Silly, useless tripe.
David in NY
@gogol’s wife: When my younger boy was sending job application letters from home, he thought it was more or less mandatory to say something was his “passion.” I said no.
Cervantes
@Rex Everything: Yes, you’re right, that’s a distinct possibility, but it’s not certain — it could also have come into mediæval English from early German mosica; or directly from Latin musica; or from all three. (And all these paths can be traced back to the Greek for “muse.”)
Also, “school” is not ours from German; it comes to us from Latin. And “water” could not have come from wasser; it probably came from the older watar. And the same with “mother”: not from mutter but probably from the earlier mothær.
Also, not a linguistic point but included just for completeness: the ukelele (the instrument) is not indigenous to Hawaii; it is itself an import that has evolved.

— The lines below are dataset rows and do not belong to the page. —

(* For all positive integers $A,B$, with $n=A+B$, $$\mathrm{exa}_1(n,K_{A,B})=\binom{n}{2}-A-B+\mathrm{mup}(A,B).$$
   Context: $K_{A,B}$ is the complete bipartite graph with parts of sizes $A$ and $B$. For graphs $H,F$, $\mathcal N(H,F)$ is the number of subgraphs of $H$ isomorphic to $F$, and $\mathrm{exa}_1(n,F)$ is the largest number of edges of a simple graph $H$ on $n$ vertices with $\mathcal N(H,F)=1$. A unique partition of $A$ and $B$ consists of positive integers $A_1,\dots,A_a$ with $\sum_i A_i=A$ and $B_1,\dots,B_b$ with $\sum_j B_j=B$ such that, viewing these as $a+b$ indexed items, the only subsets of the items whose sum equals $A$ are the set of items $\{A_1,\dots,A_a\}$ and, in case $A=B$, also its complement $\{B_1,\dots,B_b\}$ (so e.g. $A_i\ne B_j$ is forced when $A\ne B$, while equal values among the $A_i$ are allowed). $\mathrm{mup}(A,B)$ is the maximum of $a+b$ over all unique partitions of $A$ and $B$, with the convention $\mathrm{mup}(1,1)=2$. *)

theory Defs
  imports Main
begin

definition simple_graph :: "nat \<Rightarrow> nat set set \<Rightarrow> bool" where
  "simple_graph n E \<longleftrightarrow>
     E \<subseteq> {e. \<exists>x y. e = {x, y} \<and> x \<noteq> y \<and> x < n \<and> y < n}"

definition bip_edges :: "nat set \<Rightarrow> nat set \<Rightarrow> nat set set" where
  "bip_edges X Y = {{x, y} | x y. x \<in> X \<and> y \<in> Y}"

text \<open>Subgraphs of the graph (on {0..<n} with edges E) isomorphic to K_{A,B}.
  Since K_{A,B} (A,B >= 1) has no isolated vertices, such a subgraph is determined
  by its edge set.\<close>

definition KAB_copies :: "nat \<Rightarrow> nat set set \<Rightarrow> nat \<Rightarrow> nat \<Rightarrow> nat set set set" where
  "KAB_copies n E A B =
     {F. F \<subseteq> E \<and> (\<exists>X Y. X \<subseteq> {0..<n} \<and> Y \<subseteq> {0..<n} \<and> X \<inter> Y = {} \<and>
                         card X = A \<and> card Y = B \<and> F = bip_edges X Y)}"

definition N_KAB :: "nat \<Rightarrow> nat set set \<Rightarrow> nat \<Rightarrow> nat \<Rightarrow> nat" where
  "N_KAB n E A B = card (KAB_copies n E A B)"

definition exa1_KAB :: "nat \<Rightarrow> nat \<Rightarrow> nat \<Rightarrow> nat" where
  "exa1_KAB n A B = Max {card E | E. simple_graph n E \<and> N_KAB n E A B = 1}"

definition unique_partition :: "nat \<Rightarrow> nat \<Rightarrow> nat list \<Rightarrow> nat list \<Rightarrow> bool" where
  "unique_partition A B xs ys \<longleftrightarrow>
     (\<forall>x\<in>set xs. x > 0) \<and> (\<forall>y\<in>set ys. y > 0) \<and>
     sum_list xs = A \<and> sum_list ys = B \<and>
     (\<forall>S \<subseteq> {0..<length xs + length ys}.
        (\<Sum>i\<in>S. (xs @ ys) ! i) = A \<longrightarrow>
          S = {0..<length xs} \<or>
          (A = B \<and> S = {length xs..<length xs + length ys}))"

definition mup :: "nat \<Rightarrow> nat \<Rightarrow> nat" where
  "mup A B = (if A = 1 \<and> B = 1 then 2
              else Max {length xs + length ys | xs ys. unique_partition A B xs ys})"

end

theory Submission
  imports Defs "HOL-Library.Disjoint_Sets"
begin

But those are details. Here’s where this began, with your “VERY BIGGEST PET PEEVE lately”:
And Amir Khalid‘s response:
Both interesting comments. On the one hand, there are people, allegedly speaking English, who pronounce café as if it were caff. No matter our respective views on the pronunciation of loan-words, I think we can all agree that this sort of thing is simply grotesque. Similarly, Amir Khalid, being bi-lingual, finds the American (or anglicized) pronunciation of sarong somewhat disgusting. On the other hand, you ask about (for example) music. Well, when it started out as a loan-word in English, it was not pronounced the way we pronounce it now. It was pronounced self-consciously in the accent of the language(s) from which it was borrowed (see above) — but modal pronunciations evolve, and clinging to a (e.g.) French pronunciation of music today, while trying to speak English, would be silly (or something done for effect).
So in a way, you’re both right: it’s a matter of time, i.e., how long ago a word was adopted.
As for your primary (or, at least, most energetic) example:
I won’t say this verges on xenophobia — nor will I say I’m one of those espresso drinkers who found expresso illiterate when it emerged in the late ’50s — but in this case can’t we just declare that there are two variant pronunciations (and spellings) and let the “better” one win out over time? Or do you object to this?
Sourmash
Got to the end and never saw this. Why can’t propel tell the difference between subjective and onjective pronouns?
Sourmash
MYSELF!!! Can the abuse of this fine word stop?? Why can’t people tell the difference between subjective and onjective pronouns? As in “Bill and myself will go to eat” or “please comment and send the proposal back to Jim and myself”. What is wrong with “I” and “me”??